--- Entries supplied Enclosed Below ---
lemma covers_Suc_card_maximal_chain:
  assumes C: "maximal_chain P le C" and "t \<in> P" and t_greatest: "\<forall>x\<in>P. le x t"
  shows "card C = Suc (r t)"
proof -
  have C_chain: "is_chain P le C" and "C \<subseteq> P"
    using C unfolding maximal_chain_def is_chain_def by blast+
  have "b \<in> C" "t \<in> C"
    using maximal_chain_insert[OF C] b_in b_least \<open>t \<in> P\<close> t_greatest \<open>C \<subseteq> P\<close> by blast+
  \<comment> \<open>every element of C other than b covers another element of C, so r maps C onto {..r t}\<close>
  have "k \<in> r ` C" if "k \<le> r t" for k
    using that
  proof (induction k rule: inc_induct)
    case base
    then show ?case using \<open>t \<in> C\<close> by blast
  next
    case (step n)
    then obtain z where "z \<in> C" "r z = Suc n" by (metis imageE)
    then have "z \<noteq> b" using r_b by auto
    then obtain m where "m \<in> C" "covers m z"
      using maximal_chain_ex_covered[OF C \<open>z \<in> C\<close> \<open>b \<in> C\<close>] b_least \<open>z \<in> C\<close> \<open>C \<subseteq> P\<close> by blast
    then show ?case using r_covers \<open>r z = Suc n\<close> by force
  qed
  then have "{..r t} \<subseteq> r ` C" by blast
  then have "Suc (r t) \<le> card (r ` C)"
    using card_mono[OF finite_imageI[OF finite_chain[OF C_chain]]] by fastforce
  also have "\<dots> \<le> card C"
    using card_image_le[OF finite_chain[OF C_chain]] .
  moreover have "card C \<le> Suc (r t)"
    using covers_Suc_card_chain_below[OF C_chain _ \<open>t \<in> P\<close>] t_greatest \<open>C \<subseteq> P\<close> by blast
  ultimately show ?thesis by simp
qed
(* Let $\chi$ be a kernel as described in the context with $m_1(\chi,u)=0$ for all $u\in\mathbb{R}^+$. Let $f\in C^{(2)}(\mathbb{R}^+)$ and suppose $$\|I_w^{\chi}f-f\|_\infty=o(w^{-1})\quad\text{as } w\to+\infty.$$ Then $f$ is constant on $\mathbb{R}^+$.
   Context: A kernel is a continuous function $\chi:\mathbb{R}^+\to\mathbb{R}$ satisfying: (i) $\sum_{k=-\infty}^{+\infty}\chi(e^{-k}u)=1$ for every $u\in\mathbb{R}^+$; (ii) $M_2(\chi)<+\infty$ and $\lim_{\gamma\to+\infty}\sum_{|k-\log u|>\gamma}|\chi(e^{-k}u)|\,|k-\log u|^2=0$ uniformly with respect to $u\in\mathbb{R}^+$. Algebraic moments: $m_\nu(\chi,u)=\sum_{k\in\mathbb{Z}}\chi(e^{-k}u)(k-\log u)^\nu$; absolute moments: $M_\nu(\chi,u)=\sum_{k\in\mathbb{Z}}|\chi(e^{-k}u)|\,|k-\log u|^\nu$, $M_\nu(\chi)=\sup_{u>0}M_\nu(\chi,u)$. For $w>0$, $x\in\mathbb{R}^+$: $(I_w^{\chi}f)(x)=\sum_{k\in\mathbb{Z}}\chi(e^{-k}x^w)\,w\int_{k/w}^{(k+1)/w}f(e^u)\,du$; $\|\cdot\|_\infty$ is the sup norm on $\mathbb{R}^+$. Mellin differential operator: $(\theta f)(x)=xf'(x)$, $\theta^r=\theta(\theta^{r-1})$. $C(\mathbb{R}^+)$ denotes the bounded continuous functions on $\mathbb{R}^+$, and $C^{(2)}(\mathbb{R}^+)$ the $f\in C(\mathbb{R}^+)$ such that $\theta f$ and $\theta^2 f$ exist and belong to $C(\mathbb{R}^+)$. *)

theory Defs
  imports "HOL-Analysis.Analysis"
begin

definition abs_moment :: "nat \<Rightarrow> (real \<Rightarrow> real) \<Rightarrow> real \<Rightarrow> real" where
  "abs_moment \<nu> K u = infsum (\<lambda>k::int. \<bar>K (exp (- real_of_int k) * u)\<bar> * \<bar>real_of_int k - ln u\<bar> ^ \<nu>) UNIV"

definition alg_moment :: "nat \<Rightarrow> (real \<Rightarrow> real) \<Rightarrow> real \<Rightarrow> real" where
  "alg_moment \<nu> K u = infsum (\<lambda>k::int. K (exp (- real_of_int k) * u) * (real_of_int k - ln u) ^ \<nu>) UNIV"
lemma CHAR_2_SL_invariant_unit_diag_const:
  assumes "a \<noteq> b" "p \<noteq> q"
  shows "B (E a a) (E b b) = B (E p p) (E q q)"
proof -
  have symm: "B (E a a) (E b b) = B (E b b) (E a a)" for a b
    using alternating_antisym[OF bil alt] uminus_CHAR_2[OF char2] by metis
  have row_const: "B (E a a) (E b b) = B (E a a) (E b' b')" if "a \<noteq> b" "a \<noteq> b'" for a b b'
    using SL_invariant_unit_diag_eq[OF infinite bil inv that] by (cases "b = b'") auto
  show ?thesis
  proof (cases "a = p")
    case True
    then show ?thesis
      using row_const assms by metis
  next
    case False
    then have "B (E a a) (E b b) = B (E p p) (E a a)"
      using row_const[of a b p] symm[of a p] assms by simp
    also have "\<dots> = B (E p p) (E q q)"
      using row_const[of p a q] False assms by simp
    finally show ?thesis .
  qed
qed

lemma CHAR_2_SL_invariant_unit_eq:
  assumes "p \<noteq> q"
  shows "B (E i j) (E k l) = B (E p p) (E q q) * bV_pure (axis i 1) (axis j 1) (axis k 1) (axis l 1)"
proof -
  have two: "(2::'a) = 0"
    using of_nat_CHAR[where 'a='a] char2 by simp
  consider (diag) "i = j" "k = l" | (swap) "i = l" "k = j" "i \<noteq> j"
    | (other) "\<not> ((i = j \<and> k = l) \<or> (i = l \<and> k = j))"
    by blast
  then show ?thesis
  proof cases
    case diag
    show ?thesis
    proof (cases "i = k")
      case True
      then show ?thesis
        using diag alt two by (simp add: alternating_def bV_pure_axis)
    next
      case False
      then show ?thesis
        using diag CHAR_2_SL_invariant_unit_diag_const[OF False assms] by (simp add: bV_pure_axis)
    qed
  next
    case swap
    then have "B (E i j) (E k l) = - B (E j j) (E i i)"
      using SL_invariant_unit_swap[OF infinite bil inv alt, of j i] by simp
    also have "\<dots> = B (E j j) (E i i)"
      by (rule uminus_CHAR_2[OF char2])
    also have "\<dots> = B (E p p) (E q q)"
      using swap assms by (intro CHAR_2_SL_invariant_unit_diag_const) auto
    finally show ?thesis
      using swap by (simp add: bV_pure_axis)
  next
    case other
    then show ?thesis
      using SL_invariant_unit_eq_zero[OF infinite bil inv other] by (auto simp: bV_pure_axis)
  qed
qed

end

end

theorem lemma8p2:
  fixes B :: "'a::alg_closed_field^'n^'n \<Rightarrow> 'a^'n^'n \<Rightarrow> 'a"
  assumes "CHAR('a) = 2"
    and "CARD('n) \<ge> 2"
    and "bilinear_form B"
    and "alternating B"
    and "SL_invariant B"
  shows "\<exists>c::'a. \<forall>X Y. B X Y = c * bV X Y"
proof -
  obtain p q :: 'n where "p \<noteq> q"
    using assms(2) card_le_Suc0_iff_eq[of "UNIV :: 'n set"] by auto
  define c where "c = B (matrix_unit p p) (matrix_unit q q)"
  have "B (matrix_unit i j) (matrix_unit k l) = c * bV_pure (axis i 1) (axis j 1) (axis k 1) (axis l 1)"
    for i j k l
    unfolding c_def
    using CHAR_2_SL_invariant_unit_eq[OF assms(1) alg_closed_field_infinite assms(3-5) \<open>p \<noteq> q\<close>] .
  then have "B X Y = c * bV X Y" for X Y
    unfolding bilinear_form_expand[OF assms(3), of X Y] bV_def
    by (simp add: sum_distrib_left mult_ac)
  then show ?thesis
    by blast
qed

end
--- End of Enclosed Entries supplied ---
■ Exercise goal ■
From the records above, pull out every line containing the word "obtain".

■ Task result ■
    then obtain z where "z \<in> C" "r z = Suc n" by (metis imageE)
    then obtain m where "m \<in> C" "covers m z"
  obtain p q :: 'n where "p \<noteq> q"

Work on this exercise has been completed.